Les Wildcats peuvent-ils répéter un miracle?

Les Wildcats de Moncton ont réalisé un véritable petit miracle mercredi soir dans ce qui pourrait être le dernier match de leur histoire au vénérable Colisée. Peuvent-ils répéter l’exploit contre la meilleure équipe de la LHJMQ en 2017-2018, cette fois à Fredericton? Darren Rumble le pense.

Après trois solides coups de pied au derrière pour amorcer la série (6 à 1, 9 à 3 et 7 à 1), les Wildcats ont enfin réussi à arracher quelque chose des griffes des champions du calendrier régulier, l’Armada de Blainville-Boisbriand, avec leur victoire de 5 à 4.

«Je lève mon chapeau à mes joueurs. Il aurait été facile pour eux de tout abandonner et de laisser l’Armada gagner la série, mentionne-t-il. Nous avons eu une bonne rencontre et nous avons discuté de l’importance d’être des compétiteurs et de ce que cela voulait dire. On a aussi insisté sur la fierté de représenter notre équipe et notre communauté.»

Ses joueurs ont visiblement compris le message. Ils ont réussi à sortir leur adversaire de leur zone de confort, et plus important encore, de leur plan de match. En jouant un style plus échevelé, moins structuré, Moncton a réussi à surprendre l’Armada.

«Nous allons jouer de la même façon vendredi, indique Rumble. La quatrième partie est toujours la plus difficile à gagner. C’est une constante dans le hockey. Tout ce qu’on peut faire, c’est se présenter là et batailler jusqu’à la fin.»

L’entraîneur-chef des Wildcats se dit même optimiste quant à la suite des choses.

«Si on peut réduire leur avance dans la série à 3-2, qui sait ce qui peut arriver?», demande-t-il, avec un éclair dans les yeux.

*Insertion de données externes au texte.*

(* Let $d\ge 1$ be an integer and let $F^{A_2}_{d}(x,y)\in\mathbb{R}[x,y]$ be the folding polynomial associated to the root system $A_2$ (defined in the context). Define the real folding polynomial $$F^{A_2}_{\mathbb{R},d}(x,y) := F^{A_2}_{d}(x+iy,\ x-iy),$$ where $i=\sqrt{-1}$; it has real coefficients. Then $F^{A_2}_{\mathbb{R},d}$ has exactly $\binom{d}{2}$ real critical points with critical value $0$, and it has $$\tfrac{1}{3}d^2-d \ \text{ real critical points with critical value } -1 \text{ if } d\equiv 0 \pmod 3,\qquad \tfrac{1}{3}d^2-d+\tfrac{2}{3} \ \text{ otherwise}.$$ All other critical points of $F^{A_2}_{\mathbb{R},d}$ also have real coordinates and have critical value $8$.
   Context: The folding polynomial $F^{A_2}_d(x,y)$ is defined by $F^{A_2}_d(x,y) := 2+\det A_d(x,y)+\det A_d(y,x)$, where $A_d(x,y)$ is the $d\times d$ matrix with entries: $(A_d)_{j,j}=x$ for all $j$; $(A_d)_{j,j+1}=1$ for all $j$; $(A_d)_{2,1}=2y$ and $(A_d)_{j+1,j}=y$ for $j\ge 2$; $(A_d)_{3,1}=3$ and $(A_d)_{j+2,j}=1$ for $j\ge 2$; all other entries $0$. (So the first column is $(x,2y,3,0,\dots,0)^T$, and $A_d(y,x)$ is obtained by interchanging the roles of $x$ and $y$.) A critical point of a polynomial $f\in\mathbb{R}[x,y]$ is a point where both partial derivatives vanish; its critical value is the value of $f$ there. *)

theory Defs
  imports Complex_Main "Jordan_Normal_Form.Determinant"
begin

text \<open>The d x d matrix A_d(x,y), 0-based indices: row i, column j.\<close>
definition A_mat :: "nat \<Rightarrow> complex \<Rightarrow> complex \<Rightarrow> complex mat" where
  "A_mat d x y = mat d d (\<lambda>(i, j).
     if i = j then x
     else if j = i + 1 then 1
     else if i = 1 \<and> j = 0 then 2 * y
     else if i = j + 1 \<and> j \<ge> 1 then y
     else if i = 2 \<and> j = 0 then 3
     else if i = j + 2 \<and> j \<ge> 1 then 1
     else 0)"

Une autre victoire des Wildcats. c’est évidemment la dernière chose que veut voir Joël Bouchard, vendredi soir à Fredericton.

Même si le match se déroulera dans un univers totalement inconnu pour l’Armada (pour les Wildcats aussi, d’ailleurs), on ne sent aucune incertitude ou d’hésitation dans ses commentaires.

«On est en séries. L’endroit où on joue n’a pas vraiment d’importance», affirme-t-il, en ajoutant que la défaite de mercredi soir est déjà oubliée.

Il faut dire que l’Armada en a vu d’autres. Bouchard et son groupe savent très bien qu’ils vivront leur part d’adversité dans leur quête vers la coupe Memorial. Et ce n’est pas une première défaite en séries (après six victoires de suite contre les Foreurs de Val-d’Or et les Wildcats de Moncton) qui va les effrayer. La clé du succès pour l’Armada, c’est de ne pas répéter les mêmes erreurs que lors du dernier match.

«On s’est reposé mercredi pour aller jouer là-bas. C’est à nous de nous préparer de la bonne façon, déclare-t-il sans broncher. Les gars ne sont pas contents de leur performance de mercredi soir. L’émotion était pas mal haute et nous les avons laissé relaxer un peu.»

Le niveau d’intensité est effectivement monté d’un cran dans ce quatrième match. Les coups vicieux et les gestes dangereux ont semblé se multiplier.

Encore là, Joël Bouchard prend le tout avec un grain de sel.

«C’est normal, ce sont les séries éliminatoires. On n’attend pas de cadeaux de personne. Si on a des blessures, c’est aux autres de les remplacer», avance-t-il.

D’ailleurs, le défenseur Paquette-Bisson et l’attaquant Alex Barré-Boulet représentent des cas incertains pour le match de vendredi. Les deux ont subi des blessures au haut du corps mercredi et ils ont terminé la rencontre dans les gradins du Colisée. D’ailleurs, Jacob Hudson, des Wildcats, a été suspendu pour trois rencontres par la LHJMQ pour son coup par derrière contre Paquette-Bisson.

Scénario identique chez les Wildcats, alors que l’attaquant Jakob Pelletier sera réévalué avant la rencontre.